- Exercise goal
In the data below, find the line containing "by (rule ext, case_tac x) auto", then set down that line and every later line up to and including the line containing "by (intro sum.cong) auto", exactly.
___ Exercise inputs
lemma finite_VX [simp]: "finite (VX c j)"
  by (simp add: VX_def setcompr_eq_image)
lemma finite_VY [simp]: "finite (VY c j)"
  by (simp add: VY_def setcompr_eq_image)
lemma finite_NX [simp]: "finite (NX n j)"
  by (simp add: NX_def)
lemma finite_NY [simp]: "finite (NY n j)"
  by (simp add: NY_def)
lemma finite_LXs [simp]: "finite (LXs n j)"
  by (simp add: LXs_def setcompr_eq_image)
lemma finite_LYs [simp]: "finite (LYs n j)"
  by (simp add: LYs_def setcompr_eq_image)

lemma set_eq_lab:
  "(\<And>c i. LX c i \<in> A \<longleftrightarrow> LX c i \<in> B) \<Longrightarrow> (\<And>c i. LY c i \<in> A \<longleftrightarrow> LY c i \<in> B) \<Longrightarrow> A = B"
  by (rule set_eqI, case_tac x) auto

lemma disjoint_lab:
  "(\<And>c i. LX c i \<in> A \<Longrightarrow> LX c i \<notin> B) \<Longrightarrow> (\<And>c i. LY c i \<in> A \<Longrightarrow> LY c i \<notin> B) \<Longrightarrow> A \<inter> B = {}"
  by (rule set_eq_lab) auto

lemma fun_eq_lab:
  "(\<And>c i. f (LX c i) = g (LX c i)) \<Longrightarrow> (\<And>c i. f (LY c i) = g (LY c i)) \<Longrightarrow> f = g"
  by (rule ext, case_tac x) auto

lemma sum_basis_LYs_indicator:
  assumes "\<forall>c<n. g c < d (LY c j)"
  shows "(\<Sum>y\<in>basis d (LYs n j). if \<forall>c<n. y (LY c j) = g c then 1 else 0) = (1 :: 'a :: semiring_1)"
proof -
  define y0 :: idx where "y0 = (\<lambda>l. case l of LY c i \<Rightarrow> if c < n \<and> i = j then g c else 0 | LX c i \<Rightarrow> 0)"
  have y0: "y0 \<in> basis d (LYs n j)"
    unfolding basis_iff
  proof (intro conjI allI ballI impI)
    fix l assume "l \<in> LYs n j" then show "y0 l < d l" using assms by (cases l) (auto simp: y0_def)
  next
    fix l assume "l \<notin> LYs n j" then show "y0 l = 0" by (cases l) (auto simp: y0_def)
  qed
  have "(\<forall>c<n. y (LY c j) = g c) \<longleftrightarrow> y = y0" if "y \<in> basis d (LYs n j)" for y
  proof
    assume "\<forall>c<n. y (LY c j) = g c"
    then show "y = y0" using that unfolding basis_iff by (intro fun_eq_lab) (auto simp: y0_def)
  qed (simp add: y0_def)
  then have "(\<Sum>y\<in>basis d (LYs n j). if \<forall>c<n. y (LY c j) = g c then 1 else 0)
      = (\<Sum>y\<in>basis d (LYs n j). if y = y0 then 1 else (0 :: 'a))"
    by (intro sum.cong) auto
  also have "\<dots> = 1" using y0 finite_basis[of "LYs n j" d] by simp
  finally show ?thesis .
qed

lemma NY_0 [simp]: "NY n 0 = {}" by (rule set_eq_lab) auto
lemma NX_1: "NX n 1 = LXs n 1" by (rule set_eq_lab) auto
lemma VX_1: "VX 0 1 = {LX 0 1}" by (rule set_eq_lab) auto
lemma NY_NX_1: "NY 1 j \<union> NX 1 j = VY 0 j \<union> VX 0 j" by (rule set_eq_lab) auto

definition copy_view :: "nat \<Rightarrow> nat \<Rightarrow> idx \<Rightarrow> idx" where
  "copy_view r c a = restr (a \<circ> mv c) (VY 0 r \<union> VX 0 r)"

lemma copyop_copy_view: "copyop r c P a b = P (copy_view r c a) (copy_view r c b)"
  by (simp add: copyop_def copy_view_def)

lemma copy_view_LX [simp]:
  "copy_view r c a (LX c' i) = (if c' = 0 \<and> 1 \<le> i \<and> i \<le> r then a (LX c i) else 0)"
  by (simp add: copy_view_def restr_def)
lemma copy_view_LY [simp]:
  "copy_view r c a (LY c' i) = (if c' = 0 \<and> 1 \<le> i \<and> i \<le> r then a (LY c i) else 0)"
  by (simp add: copy_view_def restr_def)

lemma copy_view_zero [simp]: "copy_view r c (\<lambda>_. 0) = (\<lambda>_. 0)"
  by (intro fun_eq_lab) auto

lemma copy_view_basis:
  assumes "a \<in> basis (ldim dX dY) (NY n jy \<union> NX n jx)" "c < n" "jy \<le> r" "jx \<le> r"
  shows "copy_view r c a \<in> basis (ldim dX dY) (VY 0 jy \<union> VX 0 jx)"
  unfolding basis_iff
proof (intro conjI allI ballI impI)
  have a: "a l < ldim dX dY l" if "l \<in> NY n jy \<union> NX n jx" for l
    using assms(1) that unfolding basis_iff by blast
  fix l assume l: "l \<in> VY 0 jy \<union> VX 0 jx"
  show "copy_view r c a l < ldim dX dY l"
  proof (cases l)
    case (LX c' i)
    then show ?thesis using l a[of "LX c i"] assms(2-4) by auto
  next
    case (LY c' i)
    then show ?thesis using l a[of "LY c i"] assms(2-4) by auto
  qed
next
  fix l assume "l \<notin> VY 0 jy \<union> VX 0 jx"
  then show "copy_view r c a l = 0" using assms unfolding basis_iff by (cases l) auto
qed

lemma copy_view_self: "a \<in> basis d (VY 0 r \<union> VX 0 r) \<Longrightarrow> copy_view r 0 a = a"
  unfolding basis_iff by (intro fun_eq_lab) auto

lemma copy_view_merge_LX:
  "1 \<le> j \<Longrightarrow> j \<le> r \<Longrightarrow> c < n \<Longrightarrow>
     copy_view r c (merge a z (LXs n j)) = (copy_view r c a)(LX 0 j := z (LX c j))"
  by (intro fun_eq_lab) (auto simp: merge_def)

lemma copy_view_merge_LY:
  "1 \<le> j \<Longrightarrow> j \<le> r \<Longrightarrow> c < n \<Longrightarrow>
     copy_view r c (merge a z (LYs n j)) = (copy_view r c a)(LY 0 j := z (LY c j))"
  by (intro fun_eq_lab) (auto simp: merge_def)

text \<open>Summing out the round-j questions of all copies factorises across the copies,
because atleast_mass is affine in the weights of each copy.\<close>

lemma sum_layer_atleast_mass:
  "(\<Sum>z\<in>basis (ldim dX dY) (LXs n j).
      atleast_mass n k (\<lambda>c. f c (z (LX c j))) (\<lambda>c. g c (z (LX c j))))
   = atleast_mass n k (\<lambda>c. \<Sum>v<dX j. f c v) (\<lambda>c. \<Sum>v<dX j. g c v)"
proof (induction n arbitrary: k)
  case 0
  have "LXs 0 j = {}" by (rule set_eq_lab) auto
  then show ?case by (simp add: basis_empty)
next
  case (Suc n)
  have e: "LXs (Suc n) j = insert (LX n j) (LXs n j)" by (rule set_eq_lab) auto
  let ?u = "\<lambda>z c. f c (z (LX c j))" and ?m = "\<lambda>z c. g c (z (LX c j))"
  have upd: "atleast_mass n k' (?u (z(LX n j := v))) (?m (z(LX n j := v)))
      = atleast_mass n k' (?u z) (?m z)" for z v k'
    by (intro atleast_mass_cong) simp_all
  have "(\<Sum>z\<in>basis (ldim dX dY) (LXs (Suc n) j). atleast_mass (Suc n) k (?u z) (?m z))
      = (\<Sum>z\<in>basis (ldim dX dY) (LXs n j). \<Sum>v<dX j.
          f n v * atleast_mass n (k - 1) (?u z) (?m z)
        + (g n v - f n v) * atleast_mass n k (?u z) (?m z))"
    unfolding e by (subst sum_basis_insert) (simp_all del: fun_upd_apply add: upd fun_upd_same)
  also have "\<dots> = (\<Sum>z\<in>basis (ldim dX dY) (LXs n j).
        (\<Sum>v<dX j. f n v) * atleast_mass n (k - 1) (?u z) (?m z)
      + ((\<Sum>v<dX j. g n v) - (\<Sum>v<dX j. f n v)) * atleast_mass n k (?u z) (?m z))"
    by (simp add: sum.distrib sum_distrib_right sum_subtractf left_diff_distrib)
  finally show ?case
    by (simp add: sum.distrib sum_distrib_left[symmetric] Suc.IH)
qed

lemma Max_image_bounds:
  assumes "finite A" "A \<noteq> {}" "\<And>y. y \<in> A \<Longrightarrow> 0 \<le> f y \<and> f y \<le> (M :: real)"
  shows "0 \<le> Max (f ` A) \<and> Max (f ` A) \<le> M"
proof -
  obtain y where "y \<in> A" using assms(2) by blast
  then have "0 \<le> Max (f ` A)" using assms(1,3) by (meson Max_ge finite_imageI image_eqI order_trans)
  then show ?thesis using assms by (simp add: Max_le_iff)
qed

text \<open>Only the diagonal entries of the R_j ever enter the argument, so their
diagonality is not needed.\<close>

locale diagonal_game =
  fixes dX dY :: "nat \<Rightarrow> nat" and r :: nat and P0 P1 :: op and R :: "nat \<Rightarrow> op"
  assumes r_pos: "1 \<le> r"
    and dY_pos: "\<forall>j\<in>{1..r}. 0 < dY j"
    and verifier: "is_verifier dX dY r P0 P1 R"
    and diagonal_P0: "diagonal (ldim dX dY) (VY 0 r \<union> VX 0 r) P0"
    and diagonal_P1: "diagonal (ldim dX dY) (VY 0 r \<union> VX 0 r) P1"
begin

abbreviation "dims \<equiv> ldim dX dY"
abbreviation "Ans1 j \<equiv> VY 0 j \<union> VX 0 j"
abbreviation "Qst1 j \<equiv> VY 0 (j - 1) \<union> VX 0 j"

lemma verifier_conds:
  "psd dims (Ans1 r) P0" "psd dims (Ans1 r) P1" "density dims (VX 0 1) (R 1)"
  "\<forall>j\<in>{1..<r}. op_eq dims (Ans1 j) (ptrace dims {LX 0 (j + 1)} (R (j + 1)))
      (tens {LY 0 j} idop (Qst1 j) (R j))"
  "op_eq dims (Ans1 r) (\<lambda>a b. P0 a b + P1 a b) (tens {LY 0 r} idop (Qst1 r) (R r))"
  using verifier unfolding is_verifier_def Let_def by auto

lemma P_diag_nonneg:
  assumes "h \<in> basis dims (Ans1 r)"
  shows "Im (P0 h h) = 0 \<and> 0 \<le> Re (P0 h h)" "Im (P1 h h) = 0 \<and> 0 \<le> Re (P1 h h)"
  using verifier_conds(1,2) assms psd_diag_nonneg by auto

lemma P0_plus_P1:
  "h \<in> basis dims (Ans1 r) \<Longrightarrow> P0 h h + P1 h h = R r (restr h (Qst1 r)) (restr h (Qst1 r))"
  using verifier_conds(5) unfolding op_eq_def by (simp add: tens_def idop_def)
______
- Response to this task
  by (rule ext, case_tac x) auto

lemma sum_basis_LYs_indicator:
  assumes "\<forall>c<n. g c < d (LY c j)"
  shows "(\<Sum>y\<in>basis d (LYs n j). if \<forall>c<n. y (LY c j) = g c then 1 else 0) = (1 :: 'a :: semiring_1)"
proof -
  define y0 :: idx where "y0 = (\<lambda>l. case l of LY c i \<Rightarrow> if c < n \<and> i = j then g c else 0 | LX c i \<Rightarrow> 0)"
  have y0: "y0 \<in> basis d (LYs n j)"
    unfolding basis_iff
  proof (intro conjI allI ballI impI)
    fix l assume "l \<in> LYs n j" then show "y0 l < d l" using assms by (cases l) (auto simp: y0_def)
  next
    fix l assume "l \<notin> LYs n j" then show "y0 l = 0" by (cases l) (auto simp: y0_def)
  qed
  have "(\<forall>c<n. y (LY c j) = g c) \<longleftrightarrow> y = y0" if "y \<in> basis d (LYs n j)" for y
  proof
    assume "\<forall>c<n. y (LY c j) = g c"
    then show "y = y0" using that unfolding basis_iff by (intro fun_eq_lab) (auto simp: y0_def)
  qed (simp add: y0_def)
  then have "(\<Sum>y\<in>basis d (LYs n j). if \<forall>c<n. y (LY c j) = g c then 1 else 0)
      = (\<Sum>y\<in>basis d (LYs n j). if y = y0 then 1 else (0 :: 'a))"
    by (intro sum.cong) auto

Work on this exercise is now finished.